As barmy as this sounds (and as subjective as it is) there is at least one place I can think where creating your own "drop in" 8-pin DIP would be amazingly useful.
High-end audio, particularly (as Matt @diy_perks has correctly asserted) amps with FET front end can be noisy. This hadn't been my experience until I tried driving one with a JLI2555.
A discrete FET outperformed every FET amp I threw at it by quite a discernible margin.
Now I'd fixed this issue and the results are away at JLCPCB now and should be back in a week or two, but for future I wonder if this is worth trying?
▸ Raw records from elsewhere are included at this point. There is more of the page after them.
(* Let $e_1,\dots,e_n$ be positive real numbers and let $J_n=\{(x_1,\dots,x_n)\in\mathbb{R}^n: 0\le x_1\le\cdots\le x_n\le1\}$. Then $$\int_{J_n}\det\bigl[x_j^{e_i-1}\bigr]_{1\le i,j\le n}\,dx_1\cdots dx_n=\frac1{e_1\cdots e_n}\prod_{1\le i<j\le n}\frac{e_j-e_i}{e_j+e_i}.$$ *)

theory Defs
  imports "HOL-Analysis.Analysis" "Jordan_Normal_Form.Determinant"
begin

definition J :: "nat \<Rightarrow> (nat \<Rightarrow> real) set" where
  "J n = {x \<in> PiE {..<n} (\<lambda>_. UNIV).
            (\<forall>i<n. 0 \<le> x i \<and> x i \<le> 1) \<and> (\<forall>i j. i \<le> j \<and> j < n \<longrightarrow> x i \<le> x j)}"

end

theory Submission
  imports Defs "HOL-Computational_Algebra.Polynomial"
begin

text \<open>Write I_n(t) for the integral of det[x_j^(e_i - 1)] over the ordered simplex
  0 <= x_0 <= ... <= x_(n-1) <= t. Expanding the determinant along the column of the largest
  coordinate y = x_(n-1) and integrating out the other coordinates first, the k-th cofactor
  contributes y^(e_k - 1) I_(n-1)(y) for the exponents without e_k. Hence inductively
  I_n(t) = t^S V_n(e), where S is the sum of the exponents and V_n(e) the right-hand side,
  provided sum_k (-1)^(k+n) V_(n-1)(e without e_k) = S V_n(e). After cancelling the common
  factors this is the partial fraction identity
  sum_k e_k prod_(j<>k) (e_k + e_j)/(e_k - e_j) = sum_k e_k,
  obtained by Lagrange interpolation of prod_j (x + e_j) - prod_j (x - e_j) at the nodes e_k.
  If two exponents coincide, both sides of the theorem vanish.\<close>

lemma degree_prod_linear:
  fixes c :: "'b \<Rightarrow> 'a::idom"
  assumes "finite A"
  shows "degree (\<Prod>j\<in>A. [:c j, 1:]) = card A"
  using assms by (simp add: degree_prod_eq_sum_degree)

lemma coeff_prod_linear_card:
  fixes c :: "'b \<Rightarrow> 'a::idom"
  assumes "finite A"
  shows "coeff (\<Prod>j\<in>A. [:c j, 1:]) (card A) = 1"
  using lead_coeff_prod[of "\<lambda>j. [:c j, 1:]" A] degree_prod_linear[OF assms, of c] by simp

lemma coeff_prod_linear_card_minus_1:
  fixes c :: "'b \<Rightarrow> 'a::idom"
  assumes "finite A" "A \<noteq> {}"
  shows "coeff (\<Prod>j\<in>A. [:c j, 1:]) (card A - 1) = (\<Sum>j\<in>A. c j)"
  using assms
proof (induction rule: finite_ne_induct)
  case (singleton a)
  then show ?case by simp
next
  case (insert a A)
  define Q where "Q = (\<Prod>j\<in>A. [:c j, 1:])"
  have "(\<Prod>j\<in>insert a A. [:c j, 1:]) = Polynomial.smult (c a) Q + pCons 0 Q"
    using insert by (simp add: Q_def)
  moreover have "coeff (pCons 0 Q) (card A) = coeff Q (card A - 1)"
    using insert by (cases "card A") auto
  ultimately show ?case
    using insert coeff_prod_linear_card[OF insert(1), of c] by (simp add: Q_def)
qed

lemma coeff_eq_sum_lagrange:
  fixes p :: "'a::field poly" and x :: "nat \<Rightarrow> 'a"
  assumes inj: "inj_on x {..<m}" and deg: "degree p < m"
  shows "coeff p (m - 1) = (\<Sum>k<m. poly p (x k) / (\<Prod>j\<in>{..<m}-{k}. x k - x j))"
proof -
  define L where "L k = (\<Prod>j\<in>{..<m}-{k}. [:- x j, 1:])" for k
  define c where "c k = poly p (x k) / (\<Prod>j\<in>{..<m}-{k}. x k - x j)" for k
  define q where "q = (\<Sum>k<m. Polynomial.smult (c k) (L k))"
  have card_L: "card ({..<m}-{k}) = m - 1" if "k < m" for k
    using that by simp
  have degree_L: "degree (L k) = m - 1" and coeff_L: "coeff (L k) (m - 1) = 1" if "k < m" for k
    using degree_prod_linear[of "{..<m}-{k}" "\<lambda>j. - x j"]
      coeff_prod_linear_card[of "{..<m}-{k}" "\<lambda>j. - x j"] card_L[OF that]
    by (simp_all add: L_def)
  have "degree q \<le> m - 1"
    unfolding q_def
    by (intro degree_sum_le) (auto intro: order.trans[OF degree_smult_le] simp: degree_L)
  have poly_L: "poly (L k) (x i) = (if i = k then (\<Prod>j\<in>{..<m}-{k}. x k - x j) else 0)"
    if "i < m" "k < m" for i k
    using that by (auto simp: L_def poly_prod)
  have "poly q (x i) = poly p (x i)" if "i < m" for i
  proof -
    have "(\<Prod>j\<in>{..<m}-{i}. x i - x j) \<noteq> 0"
      using inj that by (auto simp: inj_on_def)
    moreover have "poly q (x i) = c i * poly (L i) (x i)"
      using that by (simp add: q_def poly_sum poly_L if_distrib cong: if_cong)
    ultimately show ?thesis
      using that by (simp add: c_def poly_L)
  qed
  moreover have "card (x ` {..<m}) = m"
    using inj by (simp add: card_image)
  ultimately have "p = q"
    using deg \<open>degree q \<le> m - 1\<close> by (intro poly_eqI_degree[of "x ` {..<m}"]) auto
  then have "coeff p (m - 1) = (\<Sum>k<m. c k * coeff (L k) (m - 1))"
    by (simp add: q_def coeff_sum)
  also have "\<dots> = (\<Sum>k<m. c k)"
    using coeff_L by (intro sum.cong) auto
  finally show ?thesis
    by (simp add: c_def)
qed

lemma sum_mult_prod_add_divide_diff:
  fixes e :: "nat \<Rightarrow> 'a::field_char_0"
  assumes inj: "inj_on e {..<m}"
  shows "(\<Sum>k<m. e k * (\<Prod>j\<in>{..<m}-{k}. (e k + e j) / (e k - e j))) = (\<Sum>k<m. e k)"
proof (cases "m = 0")
  case False
  define p where "p = (\<Prod>j<m. [:e j, 1:]) - (\<Prod>j<m. [:- e j, 1:])"
  have "degree p \<le> m"
    unfolding p_def using degree_diff_le_max[of "\<Prod>j<m. [:e j, 1:]" "\<Prod>j<m. [:- e j, 1:]"]
    by (simp add: degree_prod_linear)
  moreover have "coeff p m = 0"
    using coeff_prod_linear_card[of "{..<m}" e] coeff_prod_linear_card[of "{..<m}" "\<lambda>j. - e j"]
    by (simp add: p_def)
  ultimately have "degree p < m"
    using False le_neq_implies_less leading_coeff_0_iff by fastforce
  have poly_p: "poly p (e k) = 2 * (e k * (\<Prod>j\<in>{..<m}-{k}. e k + e j))" if "k < m" for k
  proof -
    have "poly p (e k) = (\<Prod>j<m. e k + e j) - (\<Prod>j<m. e k - e j)"
      by (simp add: p_def poly_prod add.commute)
    moreover have "(\<Prod>j<m. e k - e j) = 0"
      using that by (intro prod_zero) auto
    moreover have "(\<Prod>j<m. e k + e j) = (e k + e k) * (\<Prod>j\<in>{..<m}-{k}. e k + e j)"
      using that by (subst prod.remove[of _ k]) auto
    ultimately show ?thesis
      by simp
  qed
  have "2 * (\<Sum>k<m. e k) = coeff p (m - 1)"
    using coeff_prod_linear_card_minus_1[of "{..<m}" e] False
      coeff_prod_linear_card_minus_1[of "{..<m}" "\<lambda>j. - e j"]
    by (simp add: p_def sum_negf lessThan_empty_iff)
  also have "\<dots> = (\<Sum>k<m. poly p (e k) / (\<Prod>j\<in>{..<m}-{k}. e k - e j))"
    by (rule coeff_eq_sum_lagrange[OF inj \<open>degree p < m\<close>])
  also have "\<dots> = 2 * (\<Sum>k<m. e k * (\<Prod>j\<in>{..<m}-{k}. (e k + e j) / (e k - e j)))"
    by (simp add: sum_distrib_left poly_p prod_dividef)
  finally show ?thesis
    by simp
qed simp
My argument for it is that we can have a custom amp made for us at JLC and drop it into a simple DIL socket to replace a known amp in a known design but benefit from vastly improved performance.
The circuit I'm current having made does this almost perfectly with fixed internal x100 gain which is enough to suit many applications but it would be incredibly easy to leave out the feedback network and just leave you with gain-adjustable amp that would replace amps like from the 741 to TL071 in most applications only with all the benefits of a FET front end (low noise, high impedance) specifically tailored for the audio band.
Much the same can be done for duals although I'm not suggesting it would be worth attempting to replace the NE5535 as it's bipolar design is quiet as it is - but it lacks that high-impedance you only get with a FET.
Take everything I say with a pinch of salt, I might be wrong!
(Cybertruck avatar is a riff on my inability to deliver my designs in reasonable time so far.)